EXERCISE DETAILS:
After finding the line that contains "using finite_subset_Union_chain[OF F(1)", give again that line and each one following it, exactly, until the records end.

---------- INFORMATION

lemma union_chain_integral_star_ideal:
  assumes C: "C \<noteq> {}" "subset.chain {N. integral_star_ideal D st N \<and> N \<noteq> D} C"
  shows "integral_star_ideal D st (\<Union>C) \<and> \<Union>C \<noteq> D"
proof -
  have mem: "integral_star_ideal D st N" "1 \<notin> N" if "N \<in> C" for N
    using C(2) that integral_star_ideal_eq_D unfolding subset_chain_def by blast+
  have total: "N1 \<subseteq> N2 \<or> N2 \<subseteq> N1" if "N1 \<in> C" "N2 \<in> C" for N1 N2
    using C(2) that unfolding subset_chain_def by (auto dest: chainsD)
  have dm: "dmodule D N" if "N \<in> C" for N using integral_star_ideal_dmodule mem that by blast
  obtain N0 where N0: "N0 \<in> C" using C(1) by blast
  have dmU: "dmodule D (\<Union>C)" unfolding dmodule_def
  proof (intro conjI ballI)
    show "0 \<in> \<Union>C" using N0 dm dmodule_zero by blast
    fix x y assume "x \<in> \<Union>C" "y \<in> \<Union>C"
    then obtain N1 N2 where N: "N1 \<in> C" "N2 \<in> C" "x \<in> N1" "y \<in> N2" by blast
    then show "x + y \<in> \<Union>C" using total[OF N(1,2)] dmodule_add[OF dm[OF N(1)]] dmodule_add[OF dm[OF N(2)]]
      by blast
  next
    fix d x assume "d \<in> D" "x \<in> \<Union>C"
    then show "d * x \<in> \<Union>C" using dm dmodule_mult by blast
  qed
  have UD: "\<Union>C \<subseteq> D" using mem integral_star_ideal_subset by blast
  have "N0 \<noteq> {0}" using frac_ideal_nonzero integral_star_ideal_frac mem(1)[OF N0] by blast
  then have Ufrac: "frac_ideal D (\<Union>C)" using frac_ideal_integralI[OF dmU UD] N0 dmodule_zero[OF dm[OF N0]] by blast
  \<comment> \<open>finite character: st of the union is covered by st of finitely generated subideals,
      and each of those lies in a single member of the chain\<close>
  have "st (\<Union>C) \<subseteq> \<Union>C"
  proof
    fix z assume "z \<in> st (\<Union>C)"
    then obtain J where J: "z \<in> st J" "J \<subseteq> \<Union>C" "fin_gen D J" "J \<noteq> {0}"
      using star_finite_character[OF Ufrac] by blast
    obtain F where F: "finite F" "J = gen D F" using J(3) unfolding fin_gen_def by blast
    obtain N where N: "N \<in> C" "F \<subseteq> N"
      using finite_subset_Union_chain[OF F(1) _ C(1), of "{N. integral_star_ideal D st N \<and> N \<noteq> D}"]
        gen_superset[OF F(1)] F(2) J(2) C(2) by blast
    have "J \<subseteq> N" unfolding F(2) using gen_subset[OF dm[OF N(1)] N(2)] .
    then have "st J \<subseteq> N"
      using star_mono[OF _ integral_star_ideal_frac[OF mem(1)[OF N(1)]]] frac_ideal_gen[OF F(1)] F(2) J(4)
        integral_star_ideal_fixed[OF mem(1)[OF N(1)]] by simp
    then show "z \<in> \<Union>C" using J(1) N(1) by blast
  qed
  then have "integral_star_ideal D st (\<Union>C)"
    unfolding integral_star_ideal_iff using star_extensive[OF Ufrac] Ufrac UD by blast
  moreover have "\<Union>C \<noteq> D" using mem(2) D_one by blast
  ultimately show ?thesis ..
qed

--------------------

EXERCISE OUTPUT:
      using finite_subset_Union_chain[OF F(1) _ C(1), of "{N. integral_star_ideal D st N \<and> N \<noteq> D}"]
        gen_superset[OF F(1)] F(2) J(2) C(2) by blast
    have "J \<subseteq> N" unfolding F(2) using gen_subset[OF dm[OF N(1)] N(2)] .
    then have "st J \<subseteq> N"
      using star_mono[OF _ integral_star_ideal_frac[OF mem(1)[OF N(1)]]] frac_ideal_gen[OF F(1)] F(2) J(4)
        integral_star_ideal_fixed[OF mem(1)[OF N(1)]] by simp
    then show "z \<in> \<Union>C" using J(1) N(1) by blast
  qed
  then have "integral_star_ideal D st (\<Union>C)"
    unfolding integral_star_ideal_iff using star_extensive[OF Ufrac] Ufrac UD by blast
  moreover have "\<Union>C \<noteq> D" using mem(2) D_one by blast
  ultimately show ?thesis ..
qed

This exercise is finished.